» What to do
Which lines in the records below contain the word "Rightarrow"? Report each of them.

══ Record set ══

(* Let $q=3^m$ with $m\ge1$, let $\alpha\in\mathbb{F}_q$ be a non-square, and let $Z\in\mathbb{F}_{q^2}\setminus\mathbb{F}_q$ with $Z^2=\alpha$. Let $f(x)=x^{q+2}$ on $\mathbb{F}_{q^2}$ and for $b\in\mathbb{F}_{q^2}$ put $\beta(b)=\beta_f(1,\tfrac14 b)$. Then: (1) for every $c\in\mathbb{F}_q^*$, $\beta(c)=q+2$ if $c^2+1\in C_1$ and $\beta(c)=q$ otherwise; (2) for every $d\in\mathbb{F}_q^*$, $\beta(dZ)=1$; in particular $\nu_1>0$; (3) for all $c,d\in\mathbb{F}_q^*$, $\beta(c+dZ)\in\{0,1,2,5\}$.
   Context: $\beta_f(a,b)$ is the number of $(x,y)\in\mathbb{F}_{q^2}^2$ with $f(x)-f(y)=b$ and $f(x+a)-f(y+a)=b$. For the power function $f$, $\nu_i=\#\{b\in\mathbb{F}_{q^2}^*:\ \beta_f(1,b)=i\}$. $C_0$ (resp. $C_1$) denotes the set of nonzero squares (resp. non-squares) in $\mathbb{F}_q^*$. *)

theory Defs
  imports Main
begin

definition Fq :: "nat \<Rightarrow> 'a::field set" where
  "Fq q = {x. x ^ q = x}"

definition C0 :: "nat \<Rightarrow> 'a::field set" where
  "C0 q = {x \<in> Fq q. x \<noteq> 0 \<and> (\<exists>y\<in>Fq q. y ^ 2 = x)}"

definition C1 :: "nat \<Rightarrow> 'a::field set" where
  "C1 q = {x \<in> Fq q. x \<noteq> 0} - C0 q"

definition beta_f :: "('a::{field,finite} \<Rightarrow> 'a) \<Rightarrow> 'a \<Rightarrow> 'a \<Rightarrow> nat" where
  "beta_f f a b = card {(x, y). f x - f y = b \<and> f (x + a) - f (y + a) = b}"

definition nu :: "('a::{field,finite} \<Rightarrow> 'a) \<Rightarrow> nat \<Rightarrow> nat" where
  "nu f i = card {b. b \<noteq> 0 \<and> beta_f f 1 b = i}"

end

theory Submission
  imports Defs
begin

text \<open>Work in \<open>K = F_{q^2}\<close>, \<open>q = 3^m\<close>, where \<open>4 = 1\<close> and \<open>2 = -1\<close>. Writing the
  solutions of \<open>\<beta>(b)\<close> as \<open>(X + 1, Y + 1)\<close>, the two equations become
  \<open>(X + 1)^{q+2} - (Y + 1)^{q+2} = b = (X - 1)^{q+2} - (Y - 1)^{q+2}\<close>; their difference and
  sum read \<open>H X = H Y\<close> and \<open>P X - P Y = b\<close> with \<open>H X = X^{q+1} - X^2\<close> and
  \<open>P X = X^{q+2} + X^q - X\<close>. Now \<open>H X = H Y\<close> forces \<open>X, Y \<in> F_q\<close> or \<open>Y = \<plusminus>X\<close>, so for
  \<open>b \<noteq> 0\<close> we get \<open>q\<close> solutions with \<open>(X - Y)^3 = b\<close> if \<open>b \<in> F_q\<close>, plus one solution
  \<open>(X, -X)\<close> for each \<open>X \<notin> F_q\<close> with \<open>P X = -b\<close>.

  For \<open>b = c \<in> F_q\<close> these \<open>X\<close> are the roots of \<open>(X - c)^2 = c^2 + 1\<close> outside \<open>F_q\<close>. For
  \<open>b = d Z\<close> they are the solutions of \<open>X^3 - X = b\<close> with \<open>X^q = -X\<close>, and \<open>X \<mapsto> X^3 - X\<close>
  permutes that set. For \<open>b = c + d Z\<close> the norm \<open>X \<mapsto> X^{q+1}\<close> maps them bijectively onto
  the roots in \<open>F_q\<close> of a quintic; if that quintic has three roots in \<open>F_q\<close>, its
  discriminant, a square in \<open>F_q\<close>, forces the two remaining roots into \<open>F_q\<close> as well.\<close>

section \<open>Algebra in characteristic three\<close>

text \<open>Identities that hold only in characteristic 3 are proved by exhibiting the multiple of 3 by
  which their two sides differ.\<close>
lemma char3_eqI:
  fixes a b c :: "'a::idom"
  assumes "(3::'a) = 0" and "a = b + 3 * c"
  shows "a = b"
  using assms by simp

═══

» Result of the exercise
definition Fq :: "nat \<Rightarrow> 'a::field set" where
definition C0 :: "nat \<Rightarrow> 'a::field set" where
definition C1 :: "nat \<Rightarrow> 'a::field set" where
definition beta_f :: "('a::{field,finite} \<Rightarrow> 'a) \<Rightarrow> 'a \<Rightarrow> 'a \<Rightarrow> nat" where
definition nu :: "('a::{field,finite} \<Rightarrow> 'a) \<Rightarrow> nat \<Rightarrow> nat" where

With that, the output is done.